(Work request): Which lines of the records contain "shows"? Collect every one of them.

(Data supplied):
"""

lemma stolz_cesaro:
  fixes a b :: "nat \<Rightarrow> real"
  assumes mono: "\<And>n. b n < b (Suc n)" and top: "filterlim b at_top sequentially"
    and lim: "(\<lambda>n. (a (Suc n) - a n) / (b (Suc n) - b n)) \<longlonglongrightarrow> L"
  shows "(\<lambda>n. a n / b n) \<longlonglongrightarrow> L"
proof (rule LIMSEQ_I)
  fix r :: real assume r: "r > 0"
  obtain N where N: "\<And>n. n \<ge> N \<Longrightarrow> \<bar>(a (Suc n) - a n) / (b (Suc n) - b n) - L\<bar> < r/2"
    using LIMSEQ_D[OF lim, of "r/2"] r by auto
  have step: "\<bar>a (Suc n) - a n - L * (b (Suc n) - b n)\<bar> \<le> r/2 * (b (Suc n) - b n)" if "n \<ge> N" for n
  proof -
    have d: "b (Suc n) - b n > 0" using mono[of n] by simp
    have "\<bar>(a (Suc n) - a n - L * (b (Suc n) - b n)) / (b (Suc n) - b n)\<bar> < r/2"
      using N[OF that] d by (simp add: field_simps)
    thus ?thesis using d by (simp add: abs_divide pos_divide_less_eq)
  qed
  define c where "c = \<bar>a N - L * b N\<bar> + r/2 * \<bar>b N\<bar>"
  have "eventually (\<lambda>n. b n > max (2 * c / r) 0) sequentially"
    using top unfolding filterlim_at_top_dense by blast
  hence "eventually (\<lambda>n. b n > max (2 * c / r) 0 \<and> n \<ge> N) sequentially"
    using eventually_ge_at_top by (rule eventually_conj)
  then obtain M where M: "\<And>n. n \<ge> M \<Longrightarrow> b n > max (2 * c / r) 0 \<and> n \<ge> N"
    by (auto simp: eventually_sequentially)
  have "\<bar>a n / b n - L\<bar> < r" if "n \<ge> M" for n
  proof -
    have bn: "b n > 2 * c / r" "b n > 0" "n \<ge> N" using M that by auto
    have "\<bar>a n - L * b n\<bar> \<le> \<bar>a N - L * b N\<bar> + r/2 * (b n - b N)"
      by (rule stolz_cesaro_telescope[where a=a and b=b and L=L, OF step bn(3)])
    also have "\<dots> \<le> c + r/2 * b n"
      using mult_left_mono[OF abs_ge_minus_self[of "b N"], of r] r by (simp add: c_def algebra_simps)
    also have "\<dots> < r * b n" using bn r by (simp add: field_simps)
    finally have "\<bar>a n - L * b n\<bar> / b n < r" using bn by (simp add: pos_divide_less_eq)
    moreover have "a n / b n - L = (a n - L * b n) / b n" using bn by (simp add: field_simps)
    ultimately show ?thesis using bn(2) by (simp add: abs_divide)
  qed
  thus "\<exists>no. \<forall>n\<ge>no. norm (a n / b n - L) < r" by (intro exI[of _ M]) simp
qed


definition regular_growth :: "(nat \<Rightarrow> real) \<Rightarrow> (nat \<Rightarrow> real) \<Rightarrow> bool" where
  "regular_growth A Oc \<longleftrightarrow> (\<forall>n. A n > 0) \<and> (\<exists>d C. C > 0 \<and> (\<lambda>n. A n / real n ^ d) \<longlonglongrightarrow> C)
     \<and> (\<exists>\<rho>. (\<lambda>n. Oc n / A n) \<longlonglongrightarrow> \<rho>)"

lemma LIMSEQ_divide_power_raise:
  assumes "(\<lambda>n. A n / real n ^ d) \<longlonglongrightarrow> C" "d \<le> D"
  shows "(\<lambda>n. A n / real n ^ D) \<longlonglongrightarrow> (if d = D then C else 0)"
proof (cases "d = D")
  case True then show ?thesis using assms by simp
next
  case False
  hence lt: "d < D" using assms by simp
  have z: "(\<lambda>n. inverse (real n ^ (D - d))) \<longlonglongrightarrow> 0"
    by (rule tendsto_inverse_0_at_top, rule filterlim_pow_at_top) (use lt in \<open>auto intro: filterlim_real_sequentially\<close>)
  have "(\<lambda>n. A n / real n ^ d * inverse (real n ^ (D - d))) \<longlonglongrightarrow> C * 0"
    by (rule tendsto_mult[OF assms(1) z])
  moreover have "eventually (\<lambda>n. A n / real n ^ d * inverse (real n ^ (D - d)) = A n / real n ^ D) sequentially"
  proof (rule eventually_sequentiallyI[of 1])
    fix n :: nat assume "n \<ge> 1"
    hence "real n ^ D = real n ^ d * real n ^ (D - d)" using lt by (simp add: power_add[symmetric])
    thus "A n / real n ^ d * inverse (real n ^ (D - d)) = A n / real n ^ D"
      by (simp add: divide_inverse)
  qed
  ultimately show ?thesis using False by (auto intro: Lim_transform_eventually)
qed

lemma regular_growth_const:
  assumes "c > 0"
  shows "regular_growth (\<lambda>_. c) (\<lambda>_. b)"
proof -
  have "(\<lambda>n::nat. c / real n ^ 0) \<longlonglongrightarrow> c" "(\<lambda>n::nat. b / c) \<longlonglongrightarrow> b / c" by simp_all
  then show ?thesis using assms unfolding regular_growth_def by blast
qed

lemma regular_growth_add:
  assumes "regular_growth A Oa" "regular_growth B Ob"
  shows "regular_growth (\<lambda>n. A n + B n) (\<lambda>n. Oa n + Ob n)"
proof -
  from assms obtain d1 C1 \<rho>1 d2 C2 \<rho>2 where
    pA: "\<forall>n. A n > 0" and pB: "\<forall>n. B n > 0" and
    C1: "C1 > 0" "(\<lambda>n. A n / real n ^ d1) \<longlonglongrightarrow> C1" and C2: "C2 > 0" "(\<lambda>n. B n / real n ^ d2) \<longlonglongrightarrow> C2"
    and r1: "(\<lambda>n. Oa n / A n) \<longlonglongrightarrow> \<rho>1" and r2: "(\<lambda>n. Ob n / B n) \<longlonglongrightarrow> \<rho>2"
    unfolding regular_growth_def by blast
  define D where "D = max d1 d2"
  define K1 where "K1 = (if d1 = D then C1 else 0)"
  define K2 where "K2 = (if d2 = D then C2 else 0)"
  have l1: "(\<lambda>n. A n / real n ^ D) \<longlonglongrightarrow> K1" unfolding K1_def by (rule LIMSEQ_divide_power_raise[OF C1(2)]) (simp add: D_def)
  have l2: "(\<lambda>n. B n / real n ^ D) \<longlonglongrightarrow> K2" unfolding K2_def by (rule LIMSEQ_divide_power_raise[OF C2(2)]) (simp add: D_def)
  have K: "K1 + K2 > 0" "K1 \<ge> 0" "K2 \<ge> 0" using C1 C2 by (auto simp: K1_def K2_def D_def)
  have ls: "(\<lambda>n. (A n + B n) / real n ^ D) \<longlonglongrightarrow> K1 + K2"
    using tendsto_add[OF l1 l2] by (simp add: add_divide_distrib)
  have "(\<lambda>n. ((Oa n / A n) * (A n / real n ^ D) + (Ob n / B n) * (B n / real n ^ D)) / ((A n + B n) / real n ^ D))
     \<longlonglongrightarrow> (\<rho>1 * K1 + \<rho>2 * K2) / (K1 + K2)"
    using K by (intro tendsto_intros r1 r2 l1 l2 ls) auto
  moreover have "eventually (\<lambda>n. ((Oa n / A n) * (A n / real n ^ D) + (Ob n / B n) * (B n / real n ^ D)) / ((A n + B n) / real n ^ D)
     = (Oa n + Ob n) / (A n + B n)) sequentially"
  proof (rule eventually_sequentiallyI[of 1])
    fix n :: nat assume "n \<ge> 1"
    then show "((Oa n / A n) * (A n / real n ^ D) + (Ob n / B n) * (B n / real n ^ D)) / ((A n + B n) / real n ^ D)
     = (Oa n + Ob n) / (A n + B n)"
      using pA[rule_format, of n] pB[rule_format, of n] by (simp add: add_divide_distrib[symmetric])
  qed
  ultimately have "(\<lambda>n. (Oa n + Ob n) / (A n + B n)) \<longlonglongrightarrow> (\<rho>1 * K1 + \<rho>2 * K2) / (K1 + K2)"
    by (rule Lim_transform_eventually)
  thus ?thesis unfolding regular_growth_def using pA pB ls K by (auto intro: add_pos_pos)
qed

lemma regular_growth_sum_list:
  assumes "xs \<noteq> []" "\<forall>z\<in>set xs. regular_growth (A z) (Oc z)"
  shows "regular_growth (\<lambda>n. \<Sum>z\<leftarrow>xs. A z n) (\<lambda>n. \<Sum>z\<leftarrow>xs. Oc z n)"
  using assms
proof (induction xs)
  case Nil then show ?case by simp
next
  case (Cons z zs)
  show ?case
  proof (cases "zs = []")
    case True then show ?thesis using Cons.prems by simp
  next
    case False
    then have "regular_growth (\<lambda>n. \<Sum>z\<leftarrow>zs. A z n) (\<lambda>n. \<Sum>z\<leftarrow>zs. Oc z n)" using Cons by simp
    moreover have "regular_growth (A z) (Oc z)" using Cons.prems by simp
    ultimately show ?thesis using regular_growth_add[of "A z" "Oc z"] by simp
  qed
qed

lemma regular_growth_shift:
  assumes "regular_growth (\<lambda>n. A (Suc n)) (\<lambda>n. Oc (Suc n))" "A 0 > 0"
  shows "regular_growth A Oc"
proof -
  from assms obtain d C \<rho> where pA: "\<forall>n. A (Suc n) > 0" and C: "C > 0" "(\<lambda>n. A (Suc n) / real n ^ d) \<longlonglongrightarrow> C"
    and r: "(\<lambda>n. Oc (Suc n) / A (Suc n)) \<longlonglongrightarrow> \<rho>" unfolding regular_growth_def by blast
  have "(\<lambda>n. A (Suc n) / real n ^ d * (real n / real (Suc n)) ^ d) \<longlonglongrightarrow> C * 1 ^ d"
    by (intro tendsto_intros C LIMSEQ_n_over_Suc_n)
  moreover have "eventually (\<lambda>n. A (Suc n) / real n ^ d * (real n / real (Suc n)) ^ d = A (Suc n) / real (Suc n) ^ d) sequentially"
    by (rule eventually_sequentiallyI[of 1]) (simp add: power_divide)
  ultimately have "(\<lambda>n. A (Suc n) / real (Suc n) ^ d) \<longlonglongrightarrow> C" by (auto intro: Lim_transform_eventually)
  hence "(\<lambda>n. A n / real n ^ d) \<longlonglongrightarrow> C" by (rule LIMSEQ_imp_Suc)
  moreover have "(\<lambda>n. Oc n / A n) \<longlonglongrightarrow> \<rho>" using r by (rule LIMSEQ_imp_Suc)
  moreover have "\<forall>n. A n > 0" using pA assms(2) by (metis not0_implies_Suc)
  ultimately show ?thesis unfolding regular_growth_def using C(1) by blast
qed

lemma Suc_power_diff_bounds:
  fixes n :: nat
  shows "real (Suc d) * real n ^ d \<le> real (Suc n) ^ Suc d - real n ^ Suc d"
    and "real (Suc n) ^ Suc d - real n ^ Suc d \<le> real (Suc d) * real (Suc n) ^ d"
proof -
  have e: "real (Suc n) ^ Suc d - real n ^ Suc d = (\<Sum>p<Suc d. real (Suc n) ^ p * real n ^ (d - p))"
    using diff_power_eq_sum[of "real (Suc n)" d "real n"] by simp
  have lo: "real n ^ d \<le> real (Suc n) ^ p * real n ^ (d - p)" if "p < Suc d" for p
  proof -
    have "real n ^ d = real n ^ p * real n ^ (d - p)" using that by (simp add: power_add[symmetric])
    also have "\<dots> \<le> real (Suc n) ^ p * real n ^ (d - p)" by (intro mult_right_mono power_mono) auto
    finally show ?thesis .
  qed
  have hi: "real (Suc n) ^ p * real n ^ (d - p) \<le> real (Suc n) ^ d" if "p < Suc d" for p
  proof -
    have "real (Suc n) ^ p * real n ^ (d - p) \<le> real (Suc n) ^ p * real (Suc n) ^ (d - p)"
      by (intro mult_left_mono power_mono) auto
    also have "\<dots> = real (Suc n) ^ d" using that by (simp add: power_add[symmetric])
    finally show ?thesis .
  qed
  show "real (Suc d) * real n ^ d \<le> real (Suc n) ^ Suc d - real n ^ Suc d"
  proof -
    have "(\<Sum>p<Suc d. real n ^ d) \<le> (\<Sum>p<Suc d. real (Suc n) ^ p * real n ^ (d - p))"
      by (rule sum_mono) (rule lo, simp)
    thus ?thesis unfolding e by simp
  qed
  show "real (Suc n) ^ Suc d - real n ^ Suc d \<le> real (Suc d) * real (Suc n) ^ d"
  proof -
    have "(\<Sum>p<Suc d. real (Suc n) ^ p * real n ^ (d - p)) \<le> (\<Sum>p<Suc d. real (Suc n) ^ d)"
      by (rule sum_mono) (rule hi, simp)
    thus ?thesis unfolding e by simp
  qed
qed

"""

(Solved problem):
  shows "(\<lambda>n. a n / b n) \<longlonglongrightarrow> L"
  shows "(\<lambda>n. A n / real n ^ D) \<longlonglongrightarrow> (if d = D then C else 0)"
  shows "regular_growth (\<lambda>_. c) (\<lambda>_. b)"
  shows "regular_growth (\<lambda>n. A n + B n) (\<lambda>n. Oa n + Ob n)"
  shows "regular_growth (\<lambda>n. \<Sum>z\<leftarrow>xs. A z n) (\<lambda>n. \<Sum>z\<leftarrow>xs. Oc z n)"
  shows "regular_growth A Oc"
  shows "real (Suc d) * real n ^ d \<le> real (Suc n) ^ Suc d - real n ^ Suc d"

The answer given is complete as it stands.